Cell culture and assay procedure
HK2 renal tubular epithelial cells were cultured as previously described [7]; in vitro assays lasted for 3 or 5 days: cells were culture in Dulbecco’s Modified Eagle Medium DMEM (Gibco) containing lipoprotein-deficient serum (LPDS, control) or 5 µg/ml nLDL or oxLDL [7]. Medium was replaced every second day. EGF (20 ng/ml, R&D Systems) stimulation was done in the last 24h of 5 days long experiments. Methyl-β-cyclodextrin (5 mM, Sigma-Aldrich) was utilized to deplete membrane cholesterol for 30 min at day 2 and 4 in 5 days lasting experiments.
Gene silencing
Stable knockdown cells were generated by transduction with lentiviral particles harbouring shRNA in presence of 8 µg/ml polybrene (Sigma Aldrich) for 24h; transduced cells were selected with 10 µg/ml puromycin (Sigma Aldrich) 48h after transduction. Lentiviral particles were produced by transfecting HEK293T cells, using GENIUS DNA Transfection Reagent (Westburg), with pMD2.G/VSVG (Addgene 12259), pPAX2 (Addgene 12260) and the lentiviral pLKO.1 shRNA vector (Addgene 10878) at a 6:15:20 µg/ DNA ratio. To suppress autophagy, the pLKO.1 vector (Addgene 10878) containing an shRNA insert targeting human (h) ATG5 (TRCN0000150940) was used.

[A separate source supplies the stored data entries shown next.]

(* Let $R$ be a commutative Noetherian ring of prime characteristic $p$, let $(H^{(\lambda)})_{\lambda\in\Lambda}$ be a non-empty family of $\mathbb{Z}$-graded left $R[x,f]$-modules, and let $H:=\prod'_{\lambda\in\Lambda}H^{(\lambda)}$. Then: (i) $\mathcal{G}(H)=\left\{\bigcap_{\lambda\in\Lambda}\mathfrak{B}_\lambda : \mathfrak{B}_\lambda\in\mathcal{G}(H^{(\lambda)})\text{ for all }\lambda\in\Lambda\right\}$; (ii) consequently, if there is a set $\mathcal{G}'$ of graded two-sided ideals of $R[x,f]$ with $\mathcal{G}(H^{(\lambda)})=\mathcal{G}'$ for all $\lambda\in\Lambda$, then $\mathcal{G}(H)=\mathcal{G}'$; (iii) $\operatorname{HSL}(H)=\sup\{\operatorname{HSL}(H^{(\lambda)}):\lambda\in\Lambda\}$ (even if some $\operatorname{HSL}(H^{(\mu)})=\infty$); thus $H$ is $x$-torsion-free if and only if every $H^{(\lambda)}$ is $x$-torsion-free; (iv) if $\operatorname{HSL}(H)$ is finite, then $\Gamma_x(H)=\prod'_{\lambda\in\Lambda}\Gamma_x(H^{(\lambda)})$ and there is a homogeneous isomorphism of graded left $R[x,f]$-modules $H/\Gamma_x(H)\cong\prod'_{\lambda\in\Lambda}H^{(\lambda)}/\Gamma_x(H^{(\lambda)})$.
   Context: $R[x,f]$ denotes the Frobenius skew polynomial ring over $R$: as a left $R$-module it is free on $(x^i)_{i\in\mathbb{N}_0}$, with multiplication subject to $xr = r^px$; it is graded with $n$th component $Rx^n$. For $\mathbb{Z}$-graded left $R[x,f]$-modules $H^{(\lambda)}=\bigoplus_n H^{(\lambda)}_n$, $\prod'_{\lambda}H^{(\lambda)}$ denotes the graded left $R[x,f]$-module $\bigoplus_{n\in\mathbb{Z}}\prod_{\lambda}H^{(\lambda)}_n$ with $x$ acting componentwise, $x(h_n^{(\lambda)})_\lambda=(xh_n^{(\lambda)})_\lambda$ (the product in the category of graded left $R[x,f]$-modules and degree-$0$ homogeneous homomorphisms). For a left $R[x,f]$-module $M$: $\operatorname{grann}_{R[x,f]}M$ is the largest graded two-sided ideal of $R[x,f]$ annihilating $M$; $\mathcal{G}(M)$ is the set of graded annihilators of all $R[x,f]$-submodules of $M$; $\Gamma_x(M)=\{m\in M: x^jm=0\text{ for some }j\in\mathbb{N}\}$ is the $x$-torsion submodule, and $M$ is $x$-torsion-free if $\Gamma_x(M)=0$; $\operatorname{HSL}(M)$ is the least $e\in\mathbb{N}_0$ with $x^e\Gamma_x(M)=0$, and $\operatorname{HSL}(M)=\infty$ if no such $e$ exists. *)

theory Defs
  imports Main "HOL-Library.Extended_Nat" "HOL-Computational_Algebra.Polynomial"
begin

definition ring_ideal :: "'r::comm_ring_1 set \<Rightarrow> bool" where
  "ring_ideal I \<longleftrightarrow> 0 \<in> I \<and> (\<forall>a\<in>I. \<forall>b\<in>I. a + b \<in> I) \<and> (\<forall>r. \<forall>a\<in>I. r * a \<in> I)"

definition noetherian :: "'r::comm_ring_1 itself \<Rightarrow> bool" where
  "noetherian _ \<longleftrightarrow> (\<forall>I::'r set. ring_ideal I \<longrightarrow>
      (\<exists>F. finite F \<and> F \<subseteq> I \<and> I = {\<Sum>a\<in>F. c a * a | c. True}))"

text \<open>Elements of R[x,f] are represented by polynomials sum r_i x^i (left R-basis x^i);
  the multiplication obeys x r = r^p x.\<close>

definition skmul :: "nat \<Rightarrow> 'r::comm_ring_1 poly \<Rightarrow> 'r poly \<Rightarrow> 'r poly" where
  "skmul p a b = Poly (map (\<lambda>n. \<Sum>i\<le>n. coeff a i * coeff b (n - i) ^ (p ^ i))
                          [0..<degree a + degree b + 1])"
lemma exists_feasible_gamma_x_le_path:
  assumes sg: "simple_graph V E" and conn: "connected_graph V E"
    and n: "card V = n" "2 \<le> n" and path: "iso_path V E"
  shows "\<exists>x\<in>feasible V. gamma_x V E x \<le> 2 / (real n - 1)"
proof -
  have fin: "finite V" using n card.infinite by fastforce
  have n1: "0 < real n - 1" using n(2) by simp
  obtain f where f: "bij_betw f V {0..<n}"
    and adj: "\<And>u v. u \<in> V \<Longrightarrow> v \<in> V \<Longrightarrow> E u v \<Longrightarrow> f u + 1 = f v \<or> f v + 1 = f u"
    using path n(1) unfolding iso_path_def by blast
  define x where "x u = (if u \<in> V then 2 * real (f u) / (real n - 1) - 1 else 0)" for u
  have "0 \<in> f ` V" using bij_betw_imp_surj_on[OF f] n(2) by simp
  then obtain u0 where u0: "u0 \<in> V" "f u0 = 0" by (metis imageE)
  have "x \<in> feasible V"
  proof (rule feasibleI[OF fin _ _ u0(1)])
    have "(\<Sum>u\<in>V. real (f u)) = (\<Sum>k<n. real k)"
      using sum.reindex_bij_betw[OF f, of real] by (simp add: atLeast0LessThan)
    then have "(\<Sum>u\<in>V. x u) = 2 * (\<Sum>k<n. real k) / (real n - 1) - real n"
      using n(1)
      by (simp add: x_def sum_subtractf sum_divide_distrib[symmetric] sum_distrib_left[symmetric])
    also have "\<dots> = 0"
      using n1 by (simp add: double_sum_lessThan_of_nat)
    finally show "(\<Sum>u\<in>V. x u) = 0" .
    fix u assume "u \<in> V"
    then have "real (f u) \<le> real n - 1" using bij_betw_apply[OF f] by fastforce
    then show "\<bar>x u\<bar> \<le> 1"
      using n1 \<open>u \<in> V\<close> by (simp add: x_def abs_le_iff divide_le_eq)
  qed (simp_all add: x_def u0)
  moreover have "gamma_x V E x \<le> 2 / (real n - 1)"
  proof (rule gamma_x_le[OF sg conn])
    fix u v assume uv: "u \<in> V" "v \<in> V" "E u v"
    then have "\<bar>real (f u) - real (f v)\<bar> = 1" using adj by fastforce
    then have "\<bar>2 * real (f u) - 2 * real (f v)\<bar> = 2" by linarith
    then show "\<bar>x u - x v\<bar> \<le> 2 / (real n - 1)"
      using uv n1 by (simp add: x_def diff_divide_distrib[symmetric])
  qed (use n in simp)
  ultimately show ?thesis by blast
qed

lemma gamma_lower_bound:
  assumes "simple_graph V E" "connected_graph V E" "card V = n" "2 \<le> n"
  shows "2 / (real n - 1) \<le> gamma V E"
  using feasible_nonempty[OF assms(1,2)] gamma_x_lower_bounds(1)[OF assms] assms(3,4)
  by (intro gamma_greatest) auto

lemma gamma_upper_bound:
  assumes "simple_graph V E" "connected_graph V E" "card V = n" "2 \<le> n"
  shows "gamma V E \<le> real n / (real n - 1)"
  using exists_feasible_gamma_x_le_star[OF assms] gamma_le_gamma_x[OF assms(1,2)] assms(3,4)
  by fastforce

lemma gamma_eq_lower_bound_iff_iso_path:
  assumes sg: "simple_graph V E" and conn: "connected_graph V E"
    and n: "card V = n" "2 \<le> n"
  shows "gamma V E = 2 / (real n - 1) \<longleftrightarrow> iso_path V E"
proof
  assume "iso_path V E"
  then obtain x where "x \<in> feasible V" "gamma_x V E x \<le> 2 / (real n - 1)"
    using exists_feasible_gamma_x_le_path[OF assms] by blast
  then show "gamma V E = 2 / (real n - 1)"
    using gamma_le_gamma_x[OF sg conn] gamma_lower_bound[OF assms] n by fastforce
next
  assume gamma: "gamma V E = 2 / (real n - 1)"
  show "iso_path V E"
  proof (rule ccontr)
    assume non_path: "\<not> iso_path V E"
    define M where "M = real n * (real n - 1) - 2"
    have bound: "2 * real n \<le> gamma_x V E x * M" if "x \<in> feasible V" for x
      using gamma_x_lower_bounds(2)[OF assms that non_path] by (simp add: M_def)
    obtain x where x: "x \<in> feasible V" using feasible_nonempty[OF sg conn] n by blast
    have "0 < gamma_x V E x * M" using bound[OF x] n(2) by linarith
    then have "0 < M"
      using gamma_x_nonneg[OF sg conn, of x] n by (auto simp: zero_less_mult_iff)
    then have "2 * real n / M \<le> gamma V E"
      using bound feasible_nonempty[OF sg conn] n
      by (intro gamma_greatest) (simp_all add: pos_divide_le_eq)
    moreover have "2 / (real n - 1) < 2 * real n / M"
      using \<open>0 < M\<close> n(2) by (simp add: M_def field_simps)
    ultimately show False using gamma by simp
  qed
qed

lemma gamma_eq_upper_bound_iff_iso_complete:
  assumes sg: "simple_graph V E" and conn: "connected_graph V E"
    and n: "card V = n" "2 \<le> n"
  shows "gamma V E = real n / (real n - 1) \<longleftrightarrow> iso_complete V E"
proof
  assume "iso_complete V E"
  then have "real n / (real n - 1) \<le> gamma V E"
    using feasible_nonempty[OF sg conn] n gamma_x_complete_lower_bound[OF sg]
    by (intro gamma_greatest) auto
  then show "gamma V E = real n / (real n - 1)"
    using gamma_upper_bound[OF assms] by simp
next
  assume gamma: "gamma V E = real n / (real n - 1)"
  show "iso_complete V E"
  proof (rule ccontr)
    assume "\<not> iso_complete V E"
    then obtain x where "x \<in> feasible V" "gamma_x V E x < real n / (real n - 1)"
      using exists_feasible_gamma_x_less_non_complete[OF assms] by blast
    then show False using gamma_le_gamma_x[OF sg conn] gamma n by fastforce
  qed
qed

Staining for flow cytometry analysis
Flow cytometry staining of plasma membrane cholesterol, ceramide, EGFR, phosphatidylserine and of nuclear DNA was visualized on a FACSCanto II (BD Biosciences); data analysis was performed using the FlowJo software (TreeStar). Cell surface cholesterol-rich domains were stained with FITC-tagged cholera toxin B subunit (2.5µg/ml, SigmaAldrich), which binds to GM1 ganglioside present in lipid rafts [25- 27]. Plasma membrane ceramide was stained with mouse monoclonal antibody anti-ceramide IgM (1:20, clone MID 15B4, Alexis) followed by goat anti-mouse IgM Alexa Fluor 488-conjugated (Invitrogen Molecular Probes). Cell surface EGFR expression was detected by anti-EGFR (Cell Signalling Technologies) staining followed by Alexa Fluor 488-conjugated anti-rabbit IgG (Invitrogen Molecular Probes). For measurement of apoptotic cells, Annexin V staining of surface phosphatidylserine in Annexin V binding buffer (BD Pharmingen™ Apoptosis Detection Kit) was performed. Cell cycle analysis was assessed after over-night ethanol fixation by staining DNA in a PBS solution containing 10 µg/ml propidium iodide (Invitrogen) and 250 µg/ml RNAse A (Macherey-Nagel).
Gene expression analysis
Total RNA was extracted from cells with Trizol reagent (Invitrogen). RNA was converted to cDNA by using oligo-dT primers. SYBR GreenSensiMix (Bioline) was used for quantitative real-time PCR (QPCR) on a LightCycler® 480 System (Roche). Linear regression analysis was used for analysis of SYBR green dye intensity and gene expression was normalized towards the housekeeping genes TATA-box binding protein (TBP). Oligonucleotide primer sequences (5’→3’) for each gene are:
TBP forward CAGGAGCCAAGAGTGAAGAAC reverse GGAAATAATTCTGGCTCATAGCTACT, ATG5 forward GTTTGTCCTTCTGCTATTGATCC reverse TCAGATGTTCACTCAGCCACT.
Statistics
Statistical analysis was performed using One-Way ANOVA and Dunnett’s tests or Mann-Whitney U test used for two group comparison; P<0.05 was considered to be significant. Data are presented as mean and standard error of the mean (SEM). In dot-plot graphs, each dot represents the average of one independent experiment using LPDS/LDL isolated from one plasma donor.